有两张表:data_log_1、data_log_2,数据插入时间不是同步的,通过字段user、phone_number做关联,然后将data_log_1中v_id 字段数据更新到 data_log_2 v_id字段中。
因为两表中的user、phone_number数据会有重复,目前只能通过时间字段来做区分,但两表插入时间不一致,差值也不是完全确定在某范围内。
弄了半天没找到完美的语句写法可以找到两表中最匹配的数据,麻烦各位SQL高手相帮了!
结构如下:
CREATE TABLE `data_log_1` (
`r_id` int(10) unsigned NOT NULL auto_increment,
`call_time` datetime default NULL,
`user` varchar(20) default NULL,
`v_id` varchar(30) default NULL,
`phone_number` varchar(18) default '',
PRIMARY KEY (`r_id`),
KEY `user` (`user`),
KEY `phone_number` (`phone_number`)
) ENGINE=MyISAM AUTO_INCREMENT=1 DEFAULT CHARSET=utf8;
insert into data_log_1(call_time,user,v_id,phone_number)
values ('2012-11-20 08:46:51','1173','1353372410.254453','19056866388'),('2012-11-20 08:47:19','1173','1353372439.254467','19056866388'),
('2012-11-20 08:47:37','1173','1353372457.254475','19056866388'),('2012-11-20 08:49:18','1173','1353372557.254517','19056866388'),
('2012-11-20 08:51:33','1173','1353372692.254549','19056866388'),('2012-11-20 08:53:58','1173','1353372837.254584','19056866388'),
('2012-11-20 08:55:11','1173','1353372910.254617','19056866388'),('2012-11-20 08:56:25','1173','1353372984.254644','19056866388'),
('2012-11-20 08:58:07','1173','1353373087.254693','19056866388'),('2012-11-20 08:58:58','1173','1353373138.254726','19056866388');
CREATE TABLE `data_log_2` (
`r_id` int(10) unsigned NOT NULL auto_increment,
`start_time` datetime default NULL,
`user` varchar(20) default NULL,
`v_id` varchar(30) default NULL,
`phone_number` varchar(18) default '',
PRIMARY KEY (`r_id`),
KEY `user` (`user`),
KEY `phone_number` (`phone_number`)
) ENGINE=MyISAM AUTO_INCREMENT=1 DEFAULT CHARSET=utf8;
insert into data_log_2(start_time,user,v_id,phone_number)
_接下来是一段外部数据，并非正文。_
definition coeffwise_deriv :: "'a::field_char_0 fps fps \<Rightarrow> 'a fps fps" where
  "coeffwise_deriv G = Abs_fps (\<lambda>n. fps_deriv (G $ n))"

lemma coeffwise_deriv_nth [simp]: "coeffwise_deriv G $ n = fps_deriv (G $ n)"
  by (simp add: coeffwise_deriv_def)

lemma taylor_incr_nth:
  "taylor_incr F $ l = (if l = 0 then 0 else fps_const (1 / fact l) * fps_nth_deriv l F)"
  by (simp add: taylor_incr_def)

lemma coeffwise_deriv_mult:
  "coeffwise_deriv (G * H) = coeffwise_deriv G * H + G * coeffwise_deriv H"
  by (rule fps_ext) (simp add: fps_mult_nth fps_deriv_sum sum.distrib)

lemma coeffwise_deriv_power:
  "coeffwise_deriv (G ^ Suc k) = of_nat (Suc k) * G ^ k * coeffwise_deriv G"
proof (induction k)
  case 0
  then show ?case by simp
next
  case (Suc k)
  have "coeffwise_deriv (G ^ Suc (Suc k)) =
      coeffwise_deriv G * G ^ Suc k + G * (of_nat (Suc k) * G ^ k * coeffwise_deriv G)"
    by (simp only: power_Suc[of G "Suc k"] coeffwise_deriv_mult Suc)
  also have "\<dots> = of_nat (Suc (Suc k)) * G ^ Suc k * coeffwise_deriv G"
    by (simp add: algebra_simps)
  finally show ?case .
qed

lemma coeffwise_deriv_taylor_incr:
  "coeffwise_deriv (taylor_incr F) = fps_deriv (taylor_incr F) - fps_const (fps_deriv F)"
proof (rule fps_ext)
  fix n
  show "coeffwise_deriv (taylor_incr F) $ n = (fps_deriv (taylor_incr F) - fps_const (fps_deriv F)) $ n"
  proof (cases n)
    case 0
    then show ?thesis by (simp add: taylor_incr_nth)
  next
    case (Suc n')
    have "coeffwise_deriv (taylor_incr F) $ n = fps_const (1 / fact n) * fps_nth_deriv (Suc n) F"
      using Suc by (simp add: taylor_incr_nth fps_nth_deriv_commute del: fps_nth_deriv.simps)
    also have "\<dots> = fps_const (of_nat (Suc n)) * fps_const (1 / fact (Suc n)) * fps_nth_deriv (Suc n) F"
      by (simp add: field_simps del: of_nat_Suc)
    also have "\<dots> = (fps_deriv (taylor_incr F) - fps_const (fps_deriv F)) $ n"
      using Suc by (simp add: taylor_incr_nth fps_of_nat del: of_nat_Suc fps_nth_deriv.simps fps_const_mult)
    finally show ?thesis .
  qed
qed
(* Let $\mu$ be a joint distribution of $(X,A,Y)$ with $X\in\mathcal X$, $A\in\mathcal A$ ($\mathcal A$ finite), $Y\in\mathbb R$, $\mathbb E[Y^2]<\infty$. Let $w_a=\Pr(A=a)$, let $f^*(x,a)=\mathbb E[Y\mid X=x,A=a]$ be the Bayes regressor, and let $r^*_a$ be the distribution of $f^*(X,A)$ conditioned on $A=a$. Then for every $\alpha\ge 0$, \[ \inf_{f:\ \Delta_{\mathrm{SP}}(f)\le\alpha}\ \mathit{ER}(f)\;=\;\inf_{\substack{q:\ \mathrm{supp}(q)\subseteq\mathbb R\\ \{q_a\}_{a\in\mathcal A}\subset B_{\mathrm{KS}}(q,\alpha/2)}}\ \sum_{a\in\mathcal A} w_a\, W_2^2(r^*_a,q_a), \] where the infimum on the left ranges over all (possibly randomized) attribute-aware regressors $f:\mathcal X\times\mathcal A\to\mathbb R$ (the paper states both sides as minima).
   Context: A randomized regressor $f:\mathcal X\times\mathcal A\to\mathbb R$ is given by a Markov kernel $\mathcal K((x,a),\cdot)$: $\Pr(f(x,a)\in T)=\mathcal K((x,a),T)$, with the randomness of $f$ independent of $(X,A,Y)$. Excess risk: $\mathit{ER}(f)=\mathbb E[(f(X,A)-Y)^2]-\mathbb E[(f^*(X,A)-Y)^2]=\mathbb E[(f(X,A)-f^*(X,A))^2]$. Kolmogorov–Smirnov distance between probability measures $p,q$ on $\mathbb R$: $D_{\mathrm{KS}}(p,q)=\sup_{t\in\mathbb R}|p((-\infty,t])-q((-\infty,t])|$. Statistical parity gap: $\Delta_{\mathrm{SP}}(f)=\max_{a,a'\in\mathcal A}D_{\mathrm{KS}}(r_a,r_{a'})$, where $r_a$ is the distribution of $f(X,A)$ conditioned on $A=a$. $B_{\mathrm{KS}}(q,\rho)=\{p \text{ probability measure on }\mathbb R: D_{\mathrm{KS}}(p,q)\le\rho\}$. $W_2^2(p,q)=\inf_{\pi\in\Pi(p,q)}\int(y-y')^2\,d\pi(y,y')$, where $\Pi(p,q)$ is the set of couplings of $p$ and $q$. *)

theory Defs
  imports "HOL-Probability.Probability"
begin

text \<open>Observations are triples (x, a, y) :: 'x \<times> 'a \<times> real; the joint law mu lives on
  MX \<otimes> count_space UNIV \<otimes> borel.  A randomized regressor is a Markov kernel
  K :: 'x \<times> 'a \<Rightarrow> real measure, i.e. K \<in> (MX \<otimes> count_space UNIV) \<rightarrow> prob_algebra borel.\<close>

definition grp_event :: "'a \<Rightarrow> ('x \<times> 'a \<times> real) set" where
  "grp_event a = {\<omega>. fst (snd \<omega>) = a}"

definition grp_weight :: "('x \<times> 'a \<times> real) measure \<Rightarrow> 'a \<Rightarrow> real" where
  "grp_weight mu a = measure mu (grp_event a)"

definition is_bayes_regressor ::
  "'x measure \<Rightarrow> ('x \<times> 'a \<times> real) measure \<Rightarrow> ('x \<times> 'a \<Rightarrow> real) \<Rightarrow> bool" where
  "is_bayes_regressor MX mu fstar \<longleftrightarrow>
     fstar \<in> borel_measurable (MX \<Otimes>\<^sub>M count_space UNIV) \<and>
     integrable mu (\<lambda>\<omega>. fstar (fst \<omega>, fst (snd \<omega>))) \<and>
     (\<forall>S \<in> sets (MX \<Otimes>\<^sub>M count_space UNIV).
        (\<integral>\<omega>. indicator S (fst \<omega>, fst (snd \<omega>)) * snd (snd \<omega>) \<partial>mu)
      = (\<integral>\<omega>. indicator S (fst \<omega>, fst (snd \<omega>)) * fstar (fst \<omega>, fst (snd \<omega>)) \<partial>mu))"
values ('2012-11-20 08:46:51','1173','','19056866388'),('2012-11-20 08:47:19','1173','','19056866388'),
('2012-11-20 08:47:37','1173','','19056866388'),('2012-11-20 08:49:18','1173','','19056866388'),
('2012-11-20 08:51:33','1173','','19056866388'),('2012-11-20 08:53:57','1173','','19056866388'),
('2012-11-20 08:51:27','1173','','19056866388'),('2012-11-20 08:56:25','1173','','19056866388'),
('2012-11-20 08:58:07','1173','','19056866388'),('2012-11-20 08:58:58','1173','','19056866388');
/*语句如下*/
mysql> select a.phone_number,b.phone_number,a.v_id,b.v_id,a.call_time,b.start_ti
me,TIMESTAMPDIFF(second,a.call_time,b.start_time) as time_d from data_log_1 a le
ft join data_log_2 b on a.phone_number=b.phone_number and a.user=b.user and TIME
STAMPDIFF(second,a.call_time,b.start_time) BETWEEN -10 and 20;
+--------------+--------------+-------------------+------+---------------------+
---------------------+--------+
| phone_number | phone_number | v_id | v_id | call_time |
start_time | time_d |
+--------------+--------------+-------------------+------+---------------------+
---------------------+--------+
| 19056866388 | 19056866388 | 1353372410.254453 | | 2012-11-20 08:46:51 |
2012-11-20 08:46:51 | 0 |
| 19056866388 | 19056866388 | 1353372439.254467 | | 2012-11-20 08:47:19 |
2012-11-20 08:47:19 | 0 |
| 19056866388 | 19056866388 | 1353372439.254467 | | 2012-11-20 08:47:19 |
2012-11-20 08:47:37 | 18 |
| 19056866388 | 19056866388 | 1353372457.254475 | | 2012-11-20 08:47:37 |
2012-11-20 08:47:37 | 0 |
| 19056866388 | 19056866388 | 1353372557.254517 | | 2012-11-20 08:49:18 |
2012-11-20 08:49:18 | 0 |
| 19056866388 | 19056866388 | 1353372692.254549 | | 2012-11-20 08:51:33 |
2012-11-20 08:51:33 | 0 |
| 19056866388 | 19056866388 | 1353372692.254549 | | 2012-11-20 08:51:33 |
2012-11-20 08:51:27 | -6 |
| 19056866388 | 19056866388 | 1353372837.254584 | | 2012-11-20 08:53:58 |
2012-11-20 08:53:57 | -1 |
| 19056866388 | NULL | 1353372910.254617 | NULL | 2012-11-20 08:55:11 |
NULL | NULL |
| 19056866388 | 19056866388 | 1353372984.254644 | | 2012-11-20 08:56:25 |
2012-11-20 08:56:25 | 0 |
| 19056866388 | 19056866388 | 1353373087.254693 | | 2012-11-20 08:58:07 |
2012-11-20 08:58:07 | 0 |
| 19056866388 | 19056866388 | 1353373138.254726 | | 2012-11-20 08:58:58 |
2012-11-20 08:58:58 | 0 |
+--------------+--------------+-------------------+------+---------------------+
---------------------+--------+
12 rows in set (0.00 sec)
/*
正常情况下应该是匹配10条结果,但现在的情况是 第2条数据 插入时间为 2012-11-20 08:47:19, 第3条 为 2012-11-20 08:47:37
相隔的很近,按上面的语句没法将这两条区分出来。第6条与第7条情况一样,都是匹配到了两条。我想找的是时间间隔最短最相近的那条。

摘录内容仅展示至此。